# No Home Away From Home



## Bones942 (Apr 6, 2008)

Hi my name is Melanie and I just moved to Nashville Tn 3 wks ago from Pa. I brought along my sweet girl Bones. The problem, she is a 9yr old pitbull. My sister will no longer allow her to live there because they have never had a dog and do not want one living in the house. My girl loves people and other dogs and has lived with a doberman and 3 cats for many years. She is sweet and sensitive despite being abused as a pup. I contacted the Nashville Humane Society but they will not take her. They put me in touch with a women who will foster for a few weeks but cannot place her because she is too old. They place only 6 yrs and under. I have looked online for other rescues in Tn without much luck. I am trying to find an apartment right now because my sister has only given me 1 wk to find her a home or we both have to go. PLEASE ANYONE who can give me some information I would be very grateful. My girl deserves to live the rest of her life and not be punished for my mistakes. Thanks for listening


----------



## Willowy (Dec 10, 2007)

Personally, I would not be able to forgive/live with someone who made me get rid of a pet....I just couldn't. I would have to move somewhere else. You can find a place to live if you put a lot of time into it. Contact all the real estate places in the area and get lists of rentals from them. Look in the newspaper for rental listings. Ask around the neighborhood---a lot of times you'll find that some older lady has a garage apartment that she hasn't been resting out "because she can't find a good tenant"-----well, you can be that good tenant.


----------



## Dogmom07 (Jul 5, 2007)

I think you are going to find the same answers here from these fine people that you received elsewhere.


----------



## Chindo_Gae_Cerberus (Mar 24, 2008)

Your only option may be to board the dog, or find someone to foster the dog until you are able to find an apartment on your own that will allow you to bring your pup too.


----------



## DixieDozen (Mar 29, 2008)

Aw if I had the space Id take her until you found a place! Good luck!


----------



## poohlp (Jul 10, 2007)

Sounds like you have the option to foster for 3 or 4 weeks while you find yourself a better living situation. I'd start looking now, then do that if you don't find something in the next week. 

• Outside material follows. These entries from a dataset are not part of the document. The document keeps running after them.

lemma cif_meas_eq_distr:
  assumes [measurable]: "X \<in> borel_measurable M" "E \<in> measurable M (count_space UNIV)"
  shows "cif_meas M X E i = distr (density M (indicator {\<omega> \<in> space M. E \<omega> = i})) borel X"
    (is "_ = ?N")
proof -
  have "cif_meas M X E i = measure_of UNIV (sets borel) (emeasure ?N)"
    unfolding cif_meas_def
  proof (rule measure_of_eq)
    fix B :: "real set" assume "B \<in> sigma_sets UNIV (sets borel)"
    then have [measurable]: "B \<in> sets borel"
      by (simp add: sets.sigma_sets_eq[of borel, simplified])
    have "emeasure ?N B = (\<integral>\<^sup>+\<omega>. indicator {\<omega> \<in> space M. E \<omega> = i} \<omega> * indicator (X -` B \<inter> space M) \<omega> \<partial>M)"
      by (simp add: emeasure_distr emeasure_density)
    also have "\<dots> = (\<integral>\<^sup>+\<omega>. indicator {\<omega> \<in> space M. X \<omega> \<in> B \<and> E \<omega> = i} \<omega> \<partial>M)"
      by (intro nn_integral_cong) (auto split: split_indicator)
    also have "\<dots> = emeasure M {\<omega> \<in> space M. X \<omega> \<in> B \<and> E \<omega> = i}"
      by (rule nn_integral_indicator) measurable
    finally show "emeasure M {\<omega> \<in> space M. X \<omega> \<in> B \<and> E \<omega> = i} = emeasure ?N B" ..
  qed simp
  then show ?thesis
    using measure_of_of_measure[of ?N] by simp
qed

lemma set_integral_cif_meas:
  fixes f :: "real \<Rightarrow> real"
  assumes [measurable]: "X \<in> borel_measurable M" "E \<in> measurable M (count_space UNIV)"
    "A \<in> sets borel" "f \<in> borel_measurable borel"
  shows "set_lebesgue_integral (cif_meas M X E i) A f
    = (\<integral>\<omega>. indicator {\<omega> \<in> space M. E \<omega> = i} \<omega> * (indicator A (X \<omega>) * f (X \<omega>)) \<partial>M)"
proof -
  have [measurable]: "X \<in> borel_measurable (density M (indicator {\<omega> \<in> space M. E \<omega> = i}))"
    by (simp add: measurable_cong_sets[OF sets_density refl])
  have "set_lebesgue_integral (cif_meas M X E i) A f
      = (\<integral>\<omega>. indicator A (X \<omega>) *\<^sub>R f (X \<omega>) \<partial>density M (indicator {\<omega> \<in> space M. E \<omega> = i}))"
    unfolding set_lebesgue_integral_def cif_meas_eq_distr[OF assms(1,2)]
    by (rule integral_distr[where f = "\<lambda>u. indicator A u *\<^sub>R f u"]) measurable
  also have "\<dots> = (\<integral>\<omega>. indicator {\<omega> \<in> space M. E \<omega> = i} \<omega> * (indicator A (X \<omega>) * f (X \<omega>)) \<partial>M)"
    unfolding ennreal_indicator[symmetric] by (subst integral_density) auto
  finally show ?thesis .
qed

Try this website I just found. Also check the internet for other "pet friendly" resources. Good luck!

I cannot imagine a person who would make their sister give up their pet - well I can, but it still seems like a pretty shitty thing to do. Did she not tell you this would be the case when you moved there, or has there been an incident that led to the dog eviction?


----------



## GreatAngels (Apr 20, 2008)

Oh, if I had some extra space I would take her in a heartbeat, I live in PA!

I hope she finds a good home, why does your sister want her out of the house? Can't you keep her in a separate room or something?


----------



## SeraphicN (Mar 5, 2008)

What? The Humane Society won't take her because she's 9yrs old? Is this just something Nashville does or do other branches refuse dogs because of age as well?

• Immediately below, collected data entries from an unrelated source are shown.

lemma uforest_walk_unique:
  assumes "is_uforest V E"
    and "successively (uadj E) p" "distinct p" "set p \<subseteq> V" "p \<noteq> []"
    and "successively (uadj E) q" "distinct q" "set q \<subseteq> V" "q \<noteq> []"
    and "hd p = hd q" "last p = last q"
  shows "p = q"
  using assms(2-)
proof (induction p arbitrary: q)
  case Nil
  then show ?case by simp
next
  case (Cons a p')
  then obtain q' where q: "q = a # q'" by (cases q) auto
  consider "p' = [] \<or> q' = []" | "p' \<noteq> []" "q' \<noteq> []" "hd p' = hd q'"
    | "p' \<noteq> []" "q' \<noteq> []" "hd p' \<noteq> hd q'"
    by blast
  then show ?case
  proof cases
    case 1
    have "p' = [] \<longleftrightarrow> q' = []"
      using Cons.prems(2,6,10) q by (metis distinct.simps(2) last_ConsL last_ConsR last_in_set)
    then show ?thesis using 1 q by simp
  next
    case 2
    then have "p' = q'" using Cons.prems q by (intro Cons.IH) (auto simp: successively_Cons)
    then show ?thesis using q by simp
  next
    case 3
    have "last p' \<in> set q'" using Cons.prems(10) q 3 by simp
    then have "\<exists>x \<in> set p'. x \<in> set q'" using 3 by auto
    from split_list_first_prop[OF this] obtain P w P'
      where p': "p' = P @ w # P'" "w \<in> set q'" "\<forall>x \<in> set P. x \<notin> set q'"
      by blast
    then obtain Q Q' where q': "q' = Q @ w # Q'" by (meson split_list)
    have split: "a # p' = (a # P @ [w]) @ P'" "q = (a # Q @ [w]) @ Q'"
      using p' q' q by simp_all
    have "successively (uadj E) (a # P @ [w])" "successively (uadj E) (a # Q @ [w])"
      using Cons.prems(1,5) unfolding split successively_append_iff by simp_all
    moreover have "distinct (a # P @ [w])" "distinct (a # Q @ [w])"
      using Cons.prems(2,6) unfolding split distinct_append by simp_all
    moreover have "set (a # P @ [w]) \<subseteq> V" "set Q \<subseteq> V"
      using Cons.prems(3,7) unfolding split by auto
    moreover have "P \<noteq> [] \<or> Q \<noteq> []" using 3 p' q' by auto
    ultimately have "ucycle V E (a # P @ w # rev Q)"
      using p'(3) q' by (intro ucycle_of_two_walks) auto
    then show ?thesis using assms(1) unfolding is_uforest_def by blast
  qed
qed

definition ends :: "'a list \<Rightarrow> ('a \<times> 'a) option" where
  "ends p = (if p = [] then None else Some (hd p, last p))"

lemma uforest_walk_eq_if_ends_eq:
  assumes "is_uforest V E"
    and "successively (uadj E) p" "distinct p" "set p \<subseteq> V"
    and "successively (uadj E) q" "distinct q" "set q \<subseteq> V"
    and "ends p = ends q"
  shows "p = q"
  using assms(8) uforest_walk_unique[OF assms(1-4) _ assms(5-7)]
  by (cases "p = []"; cases "q = []") (auto simp: ends_def split: if_splits)

function skeleton :: "'a set \<Rightarrow> 'a list \<Rightarrow> ('a + ('a \<times> 'a) option) list" where
  "skeleton X p = Inr (ends (takeWhile (\<lambda>v. v \<notin> X) p)) #
     (case dropWhile (\<lambda>v. v \<notin> X) p of [] \<Rightarrow> [] | x # r \<Rightarrow> Inl x # skeleton X r)"
  by auto
termination
proof (relation "measure (\<lambda>(X, p). length p)")
  fix X :: "'a set" and p x r
  assume "dropWhile (\<lambda>v. v \<notin> X) p = x # r"
  then have "length (x # r) \<le> length p" by (metis length_dropWhile_le)
  then show "((X, r), X, p) \<in> measure (\<lambda>(X, p). length p)" by simp
qed simp

declare skeleton.simps [simp del]

lemma skeleton_dropWhile_Nil:
  "dropWhile (\<lambda>v. v \<notin> X) p = [] \<Longrightarrow> skeleton X p = [Inr (ends p)]"
  by (subst skeleton.simps) (metis append_Nil2 list.simps(4) takeWhile_dropWhile_id)

lemma skeleton_dropWhile_Cons:
  "dropWhile (\<lambda>v. v \<notin> X) p = x # r \<Longrightarrow>
    skeleton X p = Inr (ends (takeWhile (\<lambda>v. v \<notin> X) p)) # Inl x # skeleton X r"
  by (subst skeleton.simps) simp

lemma length_skeleton: "length (skeleton X p) = 2 * length (filter (\<lambda>v. v \<in> X) p) + 1"
proof (induction X p rule: skeleton.induct)
  case (1 X p)
  have "filter (\<lambda>v. v \<in> X) p = filter (\<lambda>v. v \<in> X) (dropWhile (\<lambda>v. v \<notin> X) p)"
    by (induction p) auto
  then show ?case using 1
    by (cases "dropWhile (\<lambda>v. v \<notin> X) p")
      (auto simp: skeleton_dropWhile_Nil skeleton_dropWhile_Cons dropWhile_eq_Cons_conv)
qed

lemma ends_in_pairs: "set p \<subseteq> V \<Longrightarrow> ends p \<in> insert None (Some ` (V \<times> V))"
  by (force simp: ends_def)

lemma set_skeleton:
  "set p \<subseteq> V \<Longrightarrow> set (skeleton X p) \<subseteq> V <+> insert None (Some ` (V \<times> V))"
proof (induction X p rule: skeleton.induct)
  case (1 X p)
  have "set (takeWhile (\<lambda>v. v \<notin> X) p) \<subseteq> V" "set (dropWhile (\<lambda>v. v \<notin> X) p) \<subseteq> V"
    using 1(2) by (auto dest: set_takeWhileD set_dropWhileD)
  then show ?case using 1 ends_in_pairs[of p V]
      ends_in_pairs[of "takeWhile (\<lambda>v. v \<notin> X) p" V]
    by (cases "dropWhile (\<lambda>v. v \<notin> X) p")
      (auto simp: skeleton_dropWhile_Nil skeleton_dropWhile_Cons)
qed

lemma skeleton_inj:
  assumes "is_uforest (V - X) E" "skeleton X p = skeleton X q"
    and "successively (uadj E) p" "distinct p" "set p \<subseteq> V"
    and "successively (uadj E) q" "distinct q" "set q \<subseteq> V"
  shows "p = q"
  using assms
proof (induction X p arbitrary: q rule: skeleton.induct)
  case (1 X p)
  define A R B S where "A = takeWhile (\<lambda>v. v \<notin> X) p" and "R = dropWhile (\<lambda>v. v \<notin> X) p"
    and "B = takeWhile (\<lambda>v. v \<notin> X) q" and "S = dropWhile (\<lambda>v. v \<notin> X) q"
  have p: "p = A @ R" and q: "q = B @ S" by (simp_all add: A_def R_def B_def S_def)
  have walks: "successively (uadj E) A" "successively (uadj E) R"
    "successively (uadj E) B" "successively (uadj E) S"
    using "1.prems"(3,6) unfolding p q successively_append_iff by simp_all
  have dist: "distinct A" "distinct R" "distinct B" "distinct S"
    using "1.prems"(4,7) unfolding p q by simp_all
  have sets: "set A \<subseteq> V - X" "set B \<subseteq> V - X" "set R \<subseteq> V" "set S \<subseteq> V"
    using "1.prems"(5,8) unfolding A_def B_def R_def S_def by (auto dest: set_takeWhileD set_dropWhileD)
  have "Inr (ends A) # (case R of [] \<Rightarrow> [] | x # r \<Rightarrow> Inl x # skeleton X r) =
      Inr (ends B) # (case S of [] \<Rightarrow> [] | x # r \<Rightarrow> Inl x # skeleton X r)"
    using "1.prems"(2) unfolding A_def B_def R_def S_def by (metis skeleton.simps)
  then have ends: "ends A = ends B"
    and tails: "(case R of [] \<Rightarrow> [] | x # r \<Rightarrow> Inl x # skeleton X r) =
      (case S of [] \<Rightarrow> [] | x # r \<Rightarrow> Inl x # skeleton X r)"
    by simp_all
  have "A = B" using uforest_walk_eq_if_ends_eq[OF "1.prems"(1)] walks dist sets ends by blast
  moreover have "R = S"
  proof (cases R)
    case Nil
    then show ?thesis using tails by (cases S) auto
  next
    case (Cons x r)
    then obtain r' where S: "S = x # r'" and "skeleton X r = skeleton X r'"
      using tails by (cases S) auto
    then have "r = r'" using Cons walks dist sets "1.prems"(1)
      by (intro "1.IH"[OF Cons[unfolded R_def]]) (auto simp: successively_Cons)
    then show ?thesis using Cons S by simp
  qed
  ultimately show ?case using p q by simp
qed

My family has adopted two 10yr old dogs from the Humane Society, both were left there, then fostered out to a woman who dedicated her time to finding those older dogs homes. They have both been wonderful pets. I hate that people are so hesitant to adopt an older dog that a rescue society feels that can't even take them.  

Let us know what happens with Bones. I hope you are able to find a place both for you and your doggie.


----------



## Pegasus (May 29, 2008)

Any luck since you last posted.

I would have to move....I would NEVER give up my dogs b/c someone says they cant live there just any good parent would not give up their child....screw that!! We got kicked out of our appt after having my dog for 2 years then they changed the rules on us.

I said "do you seriously think that where I live is as important as my dog? I would never give up my dog to live here" and we left gladly as did every other person that had a dog there (over 50 tennants!!)

Do you really want to put her in a shelter with a cage, unknown people? chance of adoption at 9 is slim to none..how horrible!!! I do hope you can find another situation...there is always another way

Good luck


----------